I confirmed the above info with my audiologist this morning. Hearing aids do have serial numbers. HIPPA protects the identity of the patient but an audiologist can get an aid back to the manufacturer who can return it to the owner.
This is great to know. Thanks for confirming.
Very nicely written prose.
Thanks for reading!
Well you did everything in your power to help reunite the hearing aid to its user. I think we can all resonate with this story and hopefully this story has a happy ending!
I think with hindsight, I should probably have taken it to my audiologist to see if the owner could have been tracked down through the serial number on the hearing aid. I wish I had thought of that then. Thanks for your encouragement.
I’ve been pretty fortunate, and lost one in the laundry bag once. Went insane looking for it . I always have a fear where to put your hearing aid when you travel and use a hotel pool, and need to put it “somewhere” dry and secure while you dip in the pool. I’m so dependent on it now that leaving it in the hotel safe means I have to walk to the pool in total deafness! Forget about ordering food or a drink at the pool without your hearing aids!
Get a plastic coin purse with a clip on it (or use a safety pin). Add a little ziploc snack bag inside if you’re still concerned about moisture. You can attach the little pocket to your beach bag when you’re in the water.

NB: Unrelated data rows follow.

(* Let $\mathcal{I}$ be a metric space, $d\ge1$, $\boldsymbol{S}\colon\mathcal{I}\to\mathbb{C}^{d\times d}$, $i\mapsto S_i$, continuous, and let $\varLambda\subset\varSigma_{\mathcal{I}}^+$ be a nonempty compact set invariant under the one-sided shift $\theta_+$. Put $\boldsymbol{S}^+_{\upharpoonright\varLambda}(0)=\{\mathrm{Id}_{\mathbb{C}^d}\}$, $\boldsymbol{S}^+_{\upharpoonright\varLambda}(\ell)=\{S_{i_\ell}\cdots S_{i_1}: i(\cdot)\in\varLambda\}$ for $\ell\ge1$, and $\boldsymbol{S}^+_{\upharpoonright\varLambda}=\bigcup_{\ell\ge0}\boldsymbol{S}^+_{\upharpoonright\varLambda}(\ell)$. Then $S_{i_n}\cdots S_{i_1}\to\mathbf{0}_{d\times d}$ as $n\to\infty$ for every $i(\cdot)\in\varLambda$ if and only if both (1) there is $\beta>0$ with $\|A\|_2\le\beta$ for all $A\in\boldsymbol{S}^+_{\upharpoonright\varLambda}$, and (2) there exist a constant $\gamma$ with $0<\gamma<1$ and an integer $N\ge1$ such that $\rho(A)\le\gamma$ for all $A\in\boldsymbol{S}^+_{\upharpoonright\varLambda}(\ell)$ and all $\ell\ge N$.
   Context: $\varSigma_{\mathcal{I}}^+$ is the set of sequences $i(\cdot)=(i_n)_{n\ge1}$ in $\mathcal{I}$ with the product topology, $\theta_+$ the shift $(i_n)_{n\ge1}\mapsto(i_{n+1})_{n\ge1}$. $\|\cdot\|_2$ is the matrix norm induced by the Euclidean norm on $\mathbb{C}^d$, and $\rho(A)$ is the spectral radius. *)

theory Defs
  imports "HOL-Analysis.Analysis"
begin

text \<open>Sequences i(.) = (i_n)_{n>=1} are represented as functions nat => 'i,
  with index 0 standing for i_1.  The type nat => 'i carries the product topology
  (instance from Function_Topology).\<close>

definition shift_plus :: "(nat \<Rightarrow> 'i) \<Rightarrow> (nat \<Rightarrow> 'i)" where
  "shift_plus i = (\<lambda>n. i (Suc n))"

fun mprod :: "('i \<Rightarrow> complex^'n^'n) \<Rightarrow> (nat \<Rightarrow> 'i) \<Rightarrow> nat \<Rightarrow> complex^'n^'n" where
  "mprod S i 0 = mat 1"
| "mprod S i (Suc n) = S (i n) ** mprod S i n"

definition Splus :: "('i \<Rightarrow> complex^'n^'n) \<Rightarrow> (nat \<Rightarrow> 'i) set \<Rightarrow> nat \<Rightarrow> (complex^'n^'n) set" where
  "Splus S \<Lambda> l = (if l = 0 then {mat 1} else {mprod S i l | i. i \<in> \<Lambda>})"

definition Splus_all :: "('i \<Rightarrow> complex^'n^'n) \<Rightarrow> (nat \<Rightarrow> 'i) set \<Rightarrow> (complex^'n^'n) set" where
  "Splus_all S \<Lambda> = (\<Union>l. Splus S \<Lambda> l)"

definition norm2 :: "complex^'n^'n \<Rightarrow> real" where
  "norm2 A = onorm (\<lambda>x::complex^'n. A *v x)"

definition spectral_radius :: "complex^'n^'n \<Rightarrow> real" where
  "spectral_radius A = Max {cmod c | c. \<exists>v::complex^'n. v \<noteq> 0 \<and> A *v v = c *s v}"

end

(*
  If every product tends to 0, compactness of the set of sequences gives a uniform M such that
  every sequence contracts its product below 1/2 within M steps; together with a uniform bound K
  on the factors this yields the uniform decay norm2 (S (i n) ... S (i 1)) <= K^M 2^-(n div M),
  hence boundedness, and the spectral bound through spectral_radius <= norm2.

  Conversely, if some product sequence does not tend to 0, pick times m k with gaps at least N
  along which the products converge to P0 <> 0, and let Q k be the product carrying time m k to
  time m (k + 1).  A limit Q0 of the Q k satisfies Q0 P0 = P0, so 1 is an eigenvalue of Q0.  But
  |det (I - Q k)| = prod |1 - lambda| >= (1 - gamma)^d, since all eigenvalues of Q k lie in the
  disc of radius gamma, and this lower bound passes to det (I - Q0) by continuity.
*)

theory Submission
  imports Defs "Jordan_Normal_Form.Spectral_Radius"
begin

no_notation Matrix.vec_index (infixl "$" 100)
hide_const (open) Matrix.mat Matrix.vec Matrix.row Matrix.col Determinant.det
  Spectral_Radius.spectral_radius

lemma norm2_nonneg: "0 \<le> norm2 A"
  unfolding norm2_def by (rule onorm_pos_le[OF matrix_vector_mul_bounded_linear])

lemma norm_matrix_vector_mult_le: "norm (A *v x) \<le> norm2 A * norm x"
  unfolding norm2_def by (rule onorm[OF matrix_vector_mul_bounded_linear])

lemma norm2_mat_1_le: "norm2 (mat 1 :: complex^'n^'n) \<le> 1"
  unfolding norm2_def by (rule onorm_le) simp

lemma norm2_matrix_mult_le: "norm2 (A ** B) \<le> norm2 A * norm2 B"
proof -
  have "(\<lambda>x. (A ** B) *v x) = (\<lambda>x. A *v x) \<circ> (\<lambda>x. B *v x)"
    by (auto simp: matrix_vector_mul_assoc)
  then show ?thesis
    unfolding norm2_def
    using onorm_compose[OF matrix_vector_mul_bounded_linear matrix_vector_mul_bounded_linear]
    by simp
qed
text \<open>The level sets \<open>C(\<lambda>\<^sub>0) \<supseteq> \<dots> \<supseteq> C(\<lambda>\<^sub>\<ell>)\<close> are compact and nested, and the
  ambiguity set only bounds the masses \<open>P(C(\<lambda>\<^sub>i)) \<ge> p\<^sub>i\<close> from below. The worst case is
  therefore the discrete distribution putting mass \<open>p\<^sub>i - p\<^sub>i\<^sub>+\<^sub>1\<close> on a maximiser of
  \<open>a \<bullet> x\<close> over \<open>C(\<lambda>\<^sub>i)\<close>, and by summation by parts the supremum is at most \<open>b\<close>
  iff some staircase \<open>w - \<Sum>\<^sub>k v\<^sub>k 1\<^bsub>C(\<lambda>\<^sub>k)\<^esub>\<close> with \<open>v \<ge> 0\<close> dominates \<open>a \<bullet> x\<close>
  and has \<open>w - \<Sum>\<^sub>k p\<^sub>k v\<^sub>k \<le> b\<close>. Each of the resulting robust constraints
  \<open>max\<^bsub>C(\<lambda>\<^sub>i)\<^esub> a \<bullet> x \<le> t\<close> is then dualised with the separating hyperplane theorem:
  below the top level the norm ball has positive radius (Slater's condition), and the top
  level is the single point \<open>ahat\<close>.\<close>

section \<open>Robust linear constraints over a box and a norm ball\<close>

lemma matrix_vector_mult_inner_columns:
  "(B *v y) \<bullet> (u::real^'n) = (\<Sum>j\<in>UNIV. y $ j * (column j B \<bullet> u))"
proof -
  have "(B *v y) \<bullet> u = (\<Sum>i\<in>UNIV. \<Sum>j\<in>UNIV. y $ j * (B $ i $ j * u $ i))"
    by (simp add: inner_vec_def matrix_vector_mult_def sum_distrib_left sum_distrib_right mult_ac)
  also have "\<dots> = (\<Sum>j\<in>UNIV. \<Sum>i\<in>UNIV. y $ j * (B $ i $ j * u $ i))"
    by (rule sum.swap)
  also have "\<dots> = (\<Sum>j\<in>UNIV. y $ j * (column j B \<bullet> u))"
    by (simp add: column_def inner_vec_def sum_distrib_left mult_ac)
  finally show ?thesis .
qed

Maybe a special spot in your purse or beach bag? It is tricky! Thanks for sharing your thoughts.
My dog chewed one of my HAs up. She actually had to unzip my purse to get it. She’s a Jack Russell and VERY smart.

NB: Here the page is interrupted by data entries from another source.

text \<open>On \<open>E\<close> the phase of the integrand differs by at most \<open>\<pi>/4\<close> from its value at the
  centre \<open>c\<close>, so after rotating by that value the real part of the integrand is at least \<open>1/2\<close>.\<close>
lemma fourier_modulated_indicator_ge:
  fixes E :: "'a::euclidean_space set"
  assumes E: "E \<in> lmeasurable" "E \<subseteq> cball c r" and r: "0 < r" and x: "dist x \<xi> \<le> 1 / (8 * r)"
  shows "measure lebesgue E / 2 \<le> norm (fourier (modulated_indicator \<xi> E) x)"
proof -
  define v where "v = x - \<xi>"
  define G where "G t = cis (- 2 * pi * (v \<bullet> (t - c))) * indicator E t" for t
  have G: "integrable lebesgue G"
    unfolding G_def
    by (intro integrable_bounded_mult_indicator[OF E(1)] borel_measurable_lebesgue_continuous
        continuous_intros) simp_all
  have "cis (- 2 * pi * (x \<bullet> t)) * cis (2 * pi * (\<xi> \<bullet> t))
      = cis (- 2 * pi * (v \<bullet> c)) * cis (- 2 * pi * (v \<bullet> (t - c)))" for t
    by (simp add: cis_mult v_def algebra_simps)
  then have "cis (- 2 * pi * (x \<bullet> t)) * modulated_indicator \<xi> E t = cis (- 2 * pi * (v \<bullet> c)) * G t" for t
    by (simp add: modulated_indicator_def G_def mult.assoc)
  then have "fourier (modulated_indicator \<xi> E) x = cis (- 2 * pi * (v \<bullet> c)) * integral\<^sup>L lebesgue G"
    by (simp add: fourier_def)
  then have "norm (fourier (modulated_indicator \<xi> E) x) = norm (integral\<^sup>L lebesgue G)"
    by (simp add: norm_mult)
  also have "\<dots> \<ge> (\<integral>t. Re (G t) \<partial>lebesgue)"
    using complex_Re_le_cmod[of "integral\<^sup>L lebesgue G"] G by simp
  also have "(\<integral>t. Re (G t) \<partial>lebesgue) \<ge> (\<integral>t. indicator E t / 2 \<partial>lebesgue)"
  proof (rule integral_mono)
    show "integrable lebesgue (\<lambda>t. indicator E t / 2 :: real)"
      using E by (simp add: lmeasurable_iff_integrable)
    show "integrable lebesgue (\<lambda>t. Re (G t))"
      using G by (rule integrable_Re)
    fix t
    show "indicator E t / 2 \<le> Re (G t)"
    proof (cases "t \<in> E")
      case True
      then have "norm (t - c) \<le> r"
        using E(2) by (auto simp: dist_norm norm_minus_commute)
      moreover have "norm v \<le> 1 / (8 * r)"
        using x by (simp add: v_def dist_norm)
      ultimately have "norm v * norm (t - c) \<le> 1 / (8 * r) * r"
        using r by (intro mult_mono) auto
      then have "\<bar>v \<bullet> (t - c)\<bar> \<le> 1 / 8"
        using Cauchy_Schwarz_ineq2[of v "t - c"] r by simp
      then have "\<bar>- 2 * pi * (v \<bullet> (t - c))\<bar> \<le> pi / 4"
        by (simp add: abs_mult)
      then show ?thesis
        using True cos_ge_half by (simp add: G_def)
    qed (simp add: G_def)
  qed
  finally show ?thesis by simp
qed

It would’ve been $2500 to replace. My audi found a refurbished one for $609 to replace it.
We still have that dog and she is still alive. I take MUCH better care
Oh no! That is a smart dog! I am glad you were able to get a reasonably priced replacement. Thanks for sharing your story.

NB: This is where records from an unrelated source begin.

lemma formula_type_eq_formula_type_of:
  assumes ft: "formula_type \<phi> f"
    and pos: "\<forall>\<alpha>\<in>f. atomic \<alpha> \<longrightarrow> sat I \<alpha>"
    and neg: "\<forall>\<alpha>. atomic \<alpha> \<and> FNot \<alpha> \<in> f \<longrightarrow> \<not> sat I \<alpha>"
  shows "f = formula_type_of I \<phi>"
proof -
  have sub: "f \<subseteq> Sub \<phi>"
    and fneg_iff: "\<psi> \<in> Sub \<phi> \<Longrightarrow> \<psi> \<in> f \<longleftrightarrow> fneg \<psi> \<notin> f"
    and FAnd_iff: "FAnd \<psi> \<chi> \<in> Sub \<phi> \<Longrightarrow> FAnd \<psi> \<chi> \<in> f \<longleftrightarrow> \<psi> \<in> f \<and> \<chi> \<in> f" for \<psi> \<chi>
    using ft unfolding formula_type_def by blast+
  have atom: "\<alpha> \<in> Sub \<phi> \<Longrightarrow> atomic \<alpha> \<Longrightarrow> \<alpha> \<in> f \<longleftrightarrow> sat I \<alpha>" for \<alpha>
    using fneg_iff[of \<alpha>] pos neg[rule_format, of \<alpha>] by (cases \<alpha>) auto
  have "\<psi> \<in> Sub \<phi> \<Longrightarrow> \<psi> \<in> f \<longleftrightarrow> sat I \<psi>" for \<psi>
  proof (induction \<psi>)
    case (FNot \<psi>)
    then have "\<psi> \<in> Sub \<phi>" using fneg_in_Sub by fastforce
    then show ?case using FNot fneg_iff[of "FNot \<psi>"] by simp
  next
    case (FAnd \<psi> \<chi>)
    then have "\<psi> \<in> Sub \<phi>" "\<chi> \<in> Sub \<phi>" using FAnd_in_SubD by blast+
    then show ?case using FAnd FAnd_iff[of \<psi> \<chi>] by simp
  qed (simp_all add: atom)
  then show ?thesis using sub unfolding formula_type_of_def by blast
qed

lemma sat_literal_conj_iff:
  assumes "wf_interp I" and "formula_type \<phi> f"
  shows "sat I (literal_conj f) \<longleftrightarrow> f = formula_type_of I \<phi>"
proof -
  have "sat I (literal_conj f) \<longleftrightarrow>
      (\<forall>\<alpha>\<in>f. atomic \<alpha> \<longrightarrow> sat I \<alpha>) \<and> (\<forall>\<alpha>. atomic \<alpha> \<and> FNot \<alpha> \<in> f \<longrightarrow> \<not> sat I \<alpha>)"
    using assms by (simp add: sat_literal_conj finite_formula_type)
  then show ?thesis
    using formula_type_eq_formula_type_of[OF assms(2)] by (auto simp: formula_type_of_def)
qed

lemma concept_type_concept_type_of:
  assumes "wf_interp I" and "d \<in> dom I"
  shows "concept_type \<phi> (concept_type_of I \<phi> d)"
  unfolding concept_type_def
proof (intro conjI allI impI ballI)
  show "concept_type_of I \<phi> d \<subseteq> con \<phi>" by (auto simp: concept_type_of_def)
next
  fix D assume "D \<in> con \<phi>"
  moreover from this have "cneg D \<in> con \<phi>" by (rule con_neg)
  ultimately show "D \<in> concept_type_of I \<phi> d \<longleftrightarrow> cneg D \<notin> concept_type_of I \<phi> d"
    using assms(2) by (simp add: concept_type_of_def cext_cneg[OF assms(1)])
next
  fix D E assume "CAnd D E \<in> con \<phi>"
  moreover from this have "D \<in> con \<phi>" "E \<in> con \<phi>" by (rule con_and1, rule con_and2)
  ultimately show "CAnd D E \<in> concept_type_of I \<phi> d \<longleftrightarrow>
      D \<in> concept_type_of I \<phi> d \<and> E \<in> concept_type_of I \<phi> d"
    by (simp add: concept_type_of_def)
qed

lemma cneg_in_con_if_CNot_CEx: "CNot (CEx r C) \<in> con \<phi> \<Longrightarrow> cneg C \<in> con \<phi>"
  using con_neg[of "CNot (CEx r C)"] by (auto dest: con_ex con_neg)

lemma concept_type_of_successor:
  assumes wf: "wf_interp I" and "CNot (CEx r C) \<in> concept_type_of I \<phi> d" and "(d, e) \<in> rint I r"
  shows "cneg C \<in> concept_type_of I \<phi> e"
proof -
  have "CNot (CEx r C) \<in> con \<phi>" and "d \<notin> cext I (CEx r C)"
    using assms(2) by (auto simp: concept_type_of_def)
  moreover have "d \<in> dom I" "e \<in> dom I" using wf assms(3) by (auto simp: wf_interp_def)
  ultimately show ?thesis
    using assms(3) cneg_in_con_if_CNot_CEx
    by (auto simp: concept_type_of_def cext_cneg[OF wf])
qed

lemma quasimodel_formula_type: "quasimodel \<phi> T ob f \<Longrightarrow> formula_type \<phi> f"
  by (simp add: quasimodel_def model_candidate_def)

lemma model_candidate_of_model:
  assumes wf: "wf_interp I" and "sat I \<phi>"
  shows "model_candidate \<phi> (concept_type_of I \<phi> ` dom I) (individual_type_of I \<phi>)
    (formula_type_of I \<phi>)"
  unfolding model_candidate_def
proof (intro conjI allI impI)
  show "\<forall>c \<in> concept_type_of I \<phi> ` dom I. concept_type \<phi> c"
    using concept_type_concept_type_of[OF wf] by blast
  show "\<forall>a \<in> ind \<phi>. individual_type_of I \<phi> a \<in> concept_type_of I \<phi> ` dom I"
    using wf by (auto simp: individual_type_of_def wf_interp_def)
  show "formula_type \<phi> (formula_type_of I \<phi>)" by (rule formula_type_formula_type_of)
  show "fnf \<phi> \<in> formula_type_of I \<phi>"
    using fnf_in_Sub \<open>sat I \<phi>\<close> by (simp add: formula_type_of_def)
next
  fix a assume "a \<notin> ind \<phi>"
  then show "individual_type_of I \<phi> a = {}" by (simp add: individual_type_of_def)
next
  fix C a assume "CAss C a \<in> formula_type_of I \<phi>"
  then have "CAss C a \<in> Sub \<phi>" and "iint I a \<in> cext I C"
    by (auto simp: formula_type_of_def)
  moreover from this have "a \<in> ind \<phi>" using ind_Sub by fastforce
  ultimately show "C \<in> individual_type_of I \<phi> a"
    by (simp add: individual_type_of_def concept_type_of_def con_ass)
next
  fix r a b assume "RAss r a b \<in> formula_type_of I \<phi>"
  then have "a \<in> ind \<phi>" "b \<in> ind \<phi>" and "(iint I a, iint I b) \<in> rint I r"
    using ind_Sub[of "RAss r a b" \<phi>] by (auto simp: formula_type_of_def)
  then show "{cneg C | C. CNot (CEx r C) \<in> individual_type_of I \<phi> a} \<subseteq> individual_type_of I \<phi> b"
    using concept_type_of_successor[OF wf] by (auto simp: individual_type_of_def)
qed

lemma quasimodel_of_model:
  assumes wf: "wf_interp I" and "sat I \<phi>"
  shows "quasimodel \<phi> (concept_type_of I \<phi> ` dom I) (individual_type_of I \<phi>)
    (formula_type_of I \<phi>)"
  unfolding quasimodel_def
proof (intro conjI ballI allI impI)
  show "model_candidate \<phi> (concept_type_of I \<phi> ` dom I) (individual_type_of I \<phi>)
      (formula_type_of I \<phi>)"
    using assms by (rule model_candidate_of_model)
next
  fix c r D assume "c \<in> concept_type_of I \<phi> ` dom I" and "CEx r D \<in> c"
  then obtain d where "d \<in> dom I" and c: "c = concept_type_of I \<phi> d"
    and "CEx r D \<in> con \<phi>" and "d \<in> cext I (CEx r D)"
    by (auto simp: concept_type_of_def)
  then obtain e where e: "(d, e) \<in> rint I r" "e \<in> cext I D" and "D \<in> con \<phi>"
    using con_ex by auto
  have "e \<in> dom I" using wf e(1) by (auto simp: wf_interp_def)
  moreover have "{D} \<union> {cneg E | E. CNot (CEx r E) \<in> c} \<subseteq> concept_type_of I \<phi> e"
    using e \<open>D \<in> con \<phi>\<close> concept_type_of_successor[OF wf _ e(1)]
    by (auto simp: c concept_type_of_def)
  ultimately show "\<exists>c' \<in> concept_type_of I \<phi> ` dom I.
      {D} \<union> {cneg E | E. CNot (CEx r E) \<in> c} \<subseteq> c'"
    by blast
next
  fix c C assume "c \<in> concept_type_of I \<phi> ` dom I" and "cneg C \<in> c"
  then show "CTop C \<notin> formula_type_of I \<phi>"
    by (auto simp: concept_type_of_def formula_type_of_def cext_cneg[OF wf])
next
  fix C assume "FNot (CTop C) \<in> formula_type_of I \<phi>"
  then obtain d where "d \<in> dom I" "d \<notin> cext I C"
    using cext_subset_dom[OF wf] by (auto simp: formula_type_of_def)
  then show "\<exists>c \<in> concept_type_of I \<phi> ` dom I. C \<notin> c"
    by (auto simp: concept_type_of_def)
next
  show "concept_type_of I \<phi> ` dom I \<noteq> {}" using wf by (simp add: wf_interp_def)
qed

theorem mainTheorem3:
  fixes \<phi> :: formula and I :: "'d interp"
  assumes "wf_interp I"
  shows "sat I \<phi> \<longleftrightarrow> sat I (dagger \<phi>)"
proof -
  have "sat I (dagger \<phi>) \<longleftrightarrow> (\<exists>T ob. quasimodel \<phi> T ob (formula_type_of I \<phi>))"
    using sat_dagger_iff[OF assms] sat_literal_conj_iff[OF assms] quasimodel_formula_type
    by metis
  also have "\<dots> \<longleftrightarrow> sat I \<phi>"
  proof
    assume "\<exists>T ob. quasimodel \<phi> T ob (formula_type_of I \<phi>)"
    then have "fnf \<phi> \<in> formula_type_of I \<phi>" by (auto simp: quasimodel_def model_candidate_def)
    then show "sat I \<phi>" by (simp add: formula_type_of_def)
  next
    assume "sat I \<phi>"
    then show "\<exists>T ob. quasimodel \<phi> T ob (formula_type_of I \<phi>)"
      using quasimodel_of_model[OF assms] by blast
  qed
  finally show ?thesis by simp
qed

end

My father never wears his hearing aids on planes. He went to visit his sister in Texas and they fell out of his pocket on the plane. He didn’t notice they were missing till a few days later. On his way home, he stopped at the counter for his airline and low and behold, they had them. Miracle of all miracles.
So lucky! Thanks for sharing this story.
Very well written article indeed, thank you so much for sharing such information with us.
Thanks for reading!
As hard as it may be finding an HA on the street or in the road; finding one in the grass or leaves is almost impossible. After losing one raking leaves right after I got them, painfully taught me to remove them when gardening.
That is tough. Thanks for sharing your advice.
One time I lost one of my hearing aids. It was missing from the little hearing aid case I always use and I backtracked everything I did that day trying to find it. I had been to the dentist that day and I even went to the dentist office and searched the room I had been in with no luck. I was in a panic – I still had my warranty and could replace it but would still have to pay a few hundred dollars and wait for several weeks to get a replacement. Next day I was cleaning out my computer bag and pulled out the missing hearing aid along with other little items. It must have dropped in there when I was putting the HA back in its case without me noticing it. Luckily it didn’t land on the floor or ground! Whew! Ever since I am very aware of where my HA’s are at all times and I always zip up the little case. I also keep the case in a zipped compartment in my purse and far from any dogs who may decide it smells like something to chew on!
So glad you found it! Thanks for sharing your story.
YES–THEY ALL have traceable serial numbers, although they can be in different places (on side of aid, in battery compartment, etc.) The company who makes them could have answered all your questions and traced the serial number to the owner–look up their 800 customer service number next time, or indeed, take them to an audiologist if you don’t want to deal with it and they can do it.
Yes, thank you for the information. I wish I had known at the time.